Entries shown Start Marker

lemma strand_less_Rd_iff:
  assumes "1 \<le> p" "p \<le> ell I R" "1 \<le> p'" "p' \<le> ell I R"
  shows "strand_less \<kappa> (Rd p) (Rd p') \<longleftrightarrow> p < p'"
  using assms \<kappa>_mono[rule_format, of p p'] \<kappa>_mono[rule_format, of p' p]
  by (cases "p < p'") (auto simp: not_less)

lemma length_red_list_eq: "length (red_list par vs R) = ell I R"
  using distinct_vs set_vs R_parity by (rule length_red_list)

lemma red_lon_mono:
  assumes "1 \<le> p" "p \<le> p'" "p' \<le> ell I R"
  shows "red_lon par vs R p \<le> red_lon par vs R p'"
proof -
  have "map snd (red_list par vs R) ! (p - 1) \<le> map snd (red_list par vs R) ! (p' - 1)"
    using sorted_red_list[OF even_before_odd] assms length_red_list_eq
    by (intro sorted_nth_mono) auto
  then show ?thesis using assms length_red_list_eq unfolding red_lon_def by simp
qed

lemma odd_red_lon:
  assumes "1 \<le> p" "p \<le> ell I R"
  shows "odd (red_lon par vs R p) = par (red_lab par vs R p)"
proof -
  have "red_list par vs R ! (p - 1) \<in> set (red_list par vs R)"
    using assms length_red_list_eq by simp
  then show ?thesis unfolding red_lon_def red_lab_def by (rule odd_red_list)
qed

lemma red_positions_eq: "red_positions = (\<lambda>p. index_of (Rd p)) ` {1..ell I R}"
proof
  show "red_positions \<subseteq> (\<lambda>p. index_of (Rd p)) ` {1..ell I R}"
  proof
    fix x assume "x \<in> red_positions"
    then obtain p where "x < length strands" "strands ! x = Rd p"
      unfolding red_positions_def by blast
    then have "x = index_of (Rd p)" and "Rd p \<in> set strands"
      by (metis index_of_nth, metis nth_mem)
    then show "x \<in> (\<lambda>p. index_of (Rd p)) ` {1..ell I R}"
      by (auto simp: Rd_in_strands_iff)
  qed
  show "(\<lambda>p. index_of (Rd p)) ` {1..ell I R} \<subseteq> red_positions"
    unfolding red_positions_def using index_of_less_length nth_index_of Rd_in_strands_iff by auto
qed

lemma pinned_lon_index_of_Rd:
  "1 \<le> p \<Longrightarrow> p \<le> ell I R \<Longrightarrow> pinned_lon (index_of (Rd p)) = red_lon par vs R p"
  unfolding pinned_lon_def strand_lon_def by (simp add: nth_index_of Rd_in_strands_iff)

lemma odd_pinned_lon:
  assumes "i \<in> red_positions"
  shows "odd (pinned_lon i) = parity_at i"
proof -
  obtain p where p: "1 \<le> p" "p \<le> ell I R" and "i = index_of (Rd p)"
    using assms unfolding red_positions_eq by auto
  then show ?thesis using odd_red_lon[OF p]
    by (simp add: pinned_lon_index_of_Rd parity_at_def nth_index_of Rd_in_strands_iff
        strand_par_def)
qed

lemma index_of_Rd_less_iff:
  "p \<in> {1..ell I R} \<Longrightarrow> p' \<in> {1..ell I R} \<Longrightarrow> index_of (Rd p) < index_of (Rd p') \<longleftrightarrow> p < p'"
  using strand_less_Rd_iff[of p p'] by (simp add: index_of_less_iff Rd_in_strands_iff)

lemma is_parity_datum_iff_feasible_pins:
  "is_parity_datum I par vs R is \<kappa> \<longleftrightarrow> feasible_pins gap red_positions pinned_lon"
proof -
  have delta_red_eq: "delta_red par is (red_lab par vs R) (strand_seq (length is) (ell I R) \<kappa>) p p'
      = sum gap {index_of (Rd p)..<index_of (Rd p')}" for p p'
    unfolding delta_red_def gap_def index_of_def strands_def by simp
  have abs_eq:
    "\<bar>red_lon par vs R p - red_lon par vs R p'\<bar> = red_lon par vs R p' - red_lon par vs R p"
    if "p \<in> {1..ell I R}" "p' \<in> {1..ell I R}" "p < p'" for p p'
    using that red_lon_mono[of p p'] by simp
  show ?thesis
  proof
    assume parity: "is_parity_datum I par vs R is \<kappa>"
    show "feasible_pins gap red_positions pinned_lon"
      unfolding feasible_pins_def
    proof (intro ballI impI)
      fix i j assume "i \<in> red_positions" "j \<in> red_positions" "i < j"
      then obtain p p' where pp': "p \<in> {1..ell I R}" "p' \<in> {1..ell I R}"
        and ij: "i = index_of (Rd p)" "j = index_of (Rd p')"
        unfolding red_positions_eq by blast
      with \<open>i < j\<close> have "p < p'" by (simp add: index_of_Rd_less_iff)
      then show "pinned_lon i + int (sum gap {i..<j}) \<le> pinned_lon j"
        using parity[unfolded is_parity_datum_def, rule_format, of p p'] pp' abs_eq[OF pp']
        unfolding delta_red_eq ij by (simp add: pinned_lon_index_of_Rd)
    qed
  next
    assume feasible: "feasible_pins gap red_positions pinned_lon"
    show "is_parity_datum I par vs R is \<kappa>"
      unfolding is_parity_datum_def
    proof (intro allI impI)
      fix p p' assume "1 \<le> p \<and> p < p' \<and> p' \<le> ell I R"
      then have pp': "p \<in> {1..ell I R}" "p' \<in> {1..ell I R}" "p < p'" by auto
      then have "index_of (Rd p) \<in> red_positions" "index_of (Rd p') \<in> red_positions"
        and "index_of (Rd p) < index_of (Rd p')"
        unfolding red_positions_eq by (auto simp: index_of_Rd_less_iff)
      then show "int (delta_red par is (red_lab par vs R) (strand_seq (length is) (ell I R) \<kappa>) p p')
          \<le> \<bar>red_lon par vs R p - red_lon par vs R p'\<bar>"
        using feasible[unfolded feasible_pins_def, rule_format, of "index_of (Rd p)" "index_of (Rd p')"] pp' abs_eq[OF pp']
        unfolding delta_red_eq by (simp add: pinned_lon_index_of_Rd)
    qed
  qed
qed

lemma compatible_longitude_sorted:
  "compatible_longitude I par vs R is \<kappa> a \<Longrightarrow> sorted a"
  unfolding compatible_longitude_def sorted_iff_nth_Suc by simp

lemma odd_strand_lon:
  assumes "compatible_longitude I par vs R is \<kappa> a" "s \<in> set strands"
  shows "odd (strand_lon a s) = strand_par par is (red_lab par vs R) s"
proof (cases s)
  case (Blk k)
  then have "k - 1 < length is" using assms(2) by (auto simp: Blk_in_strands_iff)
  then show ?thesis using Blk assms(1) unfolding compatible_longitude_def
    by (simp add: strand_lon_def strand_par_def)
next
  case (Rd p)
  then show ?thesis using assms(2) odd_red_lon
    by (auto simp: Rd_in_strands_iff strand_lon_def strand_par_def)
qed

lemma strand_lon_mono:
  assumes a: "compatible_longitude I par vs R is \<kappa> a"
    and "s \<in> set strands" "s' \<in> set strands" "strand_less \<kappa> s s'"
  shows "strand_lon a s \<le> strand_lon a s'"
    and "s = Blk k \<Longrightarrow> s' = Rd p \<Longrightarrow> strand_lon a s < strand_lon a s'"
proof -
  have sep: "red_lon par vs R p \<le> a ! (k - 1) \<longleftrightarrow> \<kappa> p < k"
    if "Blk k \<in> set strands" "Rd p \<in> set strands" for k p
    using a that unfolding compatible_longitude_def
    by (simp add: Blk_in_strands_iff Rd_in_strands_iff)
  show "strand_lon a s \<le> strand_lon a s'"
  proof (cases s; cases s')
    fix k k' assume "s = Blk k" "s' = Blk k'"
    then show ?thesis
      using assms compatible_longitude_sorted[OF a] unfolding compatible_longitude_def
      by (auto simp: strand_lon_def Blk_in_strands_iff intro: sorted_nth_mono)
  next
    fix k p assume "s = Blk k" "s' = Rd p"
    then show ?thesis using assms sep[of k p] by (simp add: strand_lon_def)
  next
    fix p k assume "s = Rd p" "s' = Blk k"
    then show ?thesis using assms sep[of k p] by (simp add: strand_lon_def)
  next
    fix p p' assume "s = Rd p" "s' = Rd p'"
    then show ?thesis
      using assms strand_less_Rd_iff[of p p'] red_lon_mono[of p p']
      by (simp add: strand_lon_def Rd_in_strands_iff)
  qed
  show "strand_lon a s < strand_lon a s'" if "s = Blk k" "s' = Rd p"
    using that assms sep[of k p] by (simp add: strand_lon_def)
qed

lemma pinned_potential_of_compatible:
  assumes a: "compatible_longitude I par vs R is \<kappa> a"
  shows "pinned_potential (length strands) gap parity_at red_positions pinned_lon
    (\<lambda>x. strand_lon a (strands ! x))"
  unfolding pinned_potential_def
proof (intro conjI allI impI ballI)
  fix x assume "Suc x < length strands"
  then have mem: "strands ! x \<in> set strands" "strands ! Suc x \<in> set strands"
    and less: "strand_less \<kappa> (strands ! x) (strands ! Suc x)"
    by (auto intro: strand_less_nth)
  show "strand_lon a (strands ! x) + int (gap x) \<le> strand_lon a (strands ! Suc x)"
    unfolding gap_def
    using delta_consec_le_diff[OF odd_strand_lon[OF a mem(1)] odd_strand_lon[OF a mem(2)]]
      strand_lon_mono[OF a mem less] by auto
next
  fix i assume "i \<in> red_positions"
  then show "strand_lon a (strands ! i) = pinned_lon i"
    unfolding red_positions_def pinned_lon_def strand_lon_def by auto
next
  fix x assume "x < length strands"
  then show "odd (strand_lon a (strands ! x)) = parity_at x"
    unfolding parity_at_def by (simp add: odd_strand_lon[OF a])
qed

lemma compatible_of_pinned_potential:
  assumes f: "pinned_potential (length strands) gap parity_at red_positions pinned_lon f"
  shows "compatible_longitude I par vs R is \<kappa> (map (\<lambda>k. f (index_of (Blk (Suc k)))) [0..<length is])"
    (is "compatible_longitude _ _ _ _ _ _ ?a")
proof -
  have f_increments: "f i + int (sum gap {i..<j}) \<le> f j" if "i \<le> j" "j < length strands" for i j
    using f that by (intro sum_le_of_increments) (auto simp: pinned_potential_def)
  have f_mono: "f (index_of s) \<le> f (index_of s')"
    if "s \<in> set strands" "s' \<in> set strands" "strand_less \<kappa> s s'" for s s'
  proof -
    have "index_of s < index_of s'" using that by (simp add: index_of_less_iff)
    then show ?thesis
      using f_increments[of "index_of s" "index_of s'"] index_of_less_length[OF that(2)] by linarith
  qed
  have f_Blk_less_Rd: "f (index_of (Blk k)) < f (index_of (Rd p))"
    if "Blk k \<in> set strands" "Rd p \<in> set strands" "k \<le> \<kappa> p" for k p
  proof -
    have "index_of (Blk k) < index_of (Rd p)" using that by (simp add: index_of_less_iff)
    then have "0 < sum gap {index_of (Blk k)..<index_of (Rd p)}"
      unfolding gap_def using that by (intro delta_sum_pos_Blk_Rd) (auto simp: nth_index_of)
    then show ?thesis
      using f_increments[of "index_of (Blk k)" "index_of (Rd p)"] that index_of_less_length
        \<open>index_of (Blk k) < index_of (Rd p)\<close> by (simp del: of_nat_sum)
  qed
  have f_Rd: "f (index_of (Rd p)) = red_lon par vs R p" if "Rd p \<in> set strands" for p
    using f that unfolding pinned_potential_def red_positions_eq
    by (simp add: Rd_in_strands_iff pinned_lon_index_of_Rd)
  have a_nth: "?a ! (k - 1) = f (index_of (Blk k))" if "Blk k \<in> set strands" for k
    using that by (auto simp: Blk_in_strands_iff)
  show ?thesis
    unfolding compatible_longitude_def
  proof (intro conjI allI impI)
    fix k assume "k < length is"
    then have k: "Blk (Suc k) \<in> set strands" by (simp add: Blk_in_strands_iff)
    then have "odd (f (index_of (Blk (Suc k)))) = parity_at (index_of (Blk (Suc k)))"
      using f index_of_less_length unfolding pinned_potential_def by blast
    then show "odd (?a ! k) = par (is ! k)"
      using a_nth[OF k] nth_index_of[OF k] by (simp add: parity_at_def strand_par_def)
  next
    fix k assume "k + 1 < length is"
    then have "Blk (Suc k) \<in> set strands" "Blk (Suc (Suc k)) \<in> set strands"
      by (simp_all add: Blk_in_strands_iff)
    then show "?a ! k \<le> ?a ! (k + 1)"
      using f_mono a_nth[of "Suc k"] a_nth[of "Suc (Suc k)"] by simp
  next
    fix k p assume "1 \<le> k \<and> k \<le> length is \<and> 1 \<le> p \<and> p \<le> ell I R"
    then have k: "Blk k \<in> set strands" and p: "Rd p \<in> set strands"
      by (simp_all add: Blk_in_strands_iff Rd_in_strands_iff)
    show "red_lon par vs R p \<le> ?a ! (k - 1) \<longleftrightarrow> \<kappa> p < k"
      using f_mono[OF p k] f_Blk_less_Rd[OF k p] f_Rd[OF p] a_nth[OF k] by (cases "\<kappa> p < k") auto
  qed simp
qed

Entries shown End Marker

Show every line above in which the word "conjI" appears.

=== Solution for this task ===
proof (intro conjI allI impI ballI)
  proof (intro conjI allI impI)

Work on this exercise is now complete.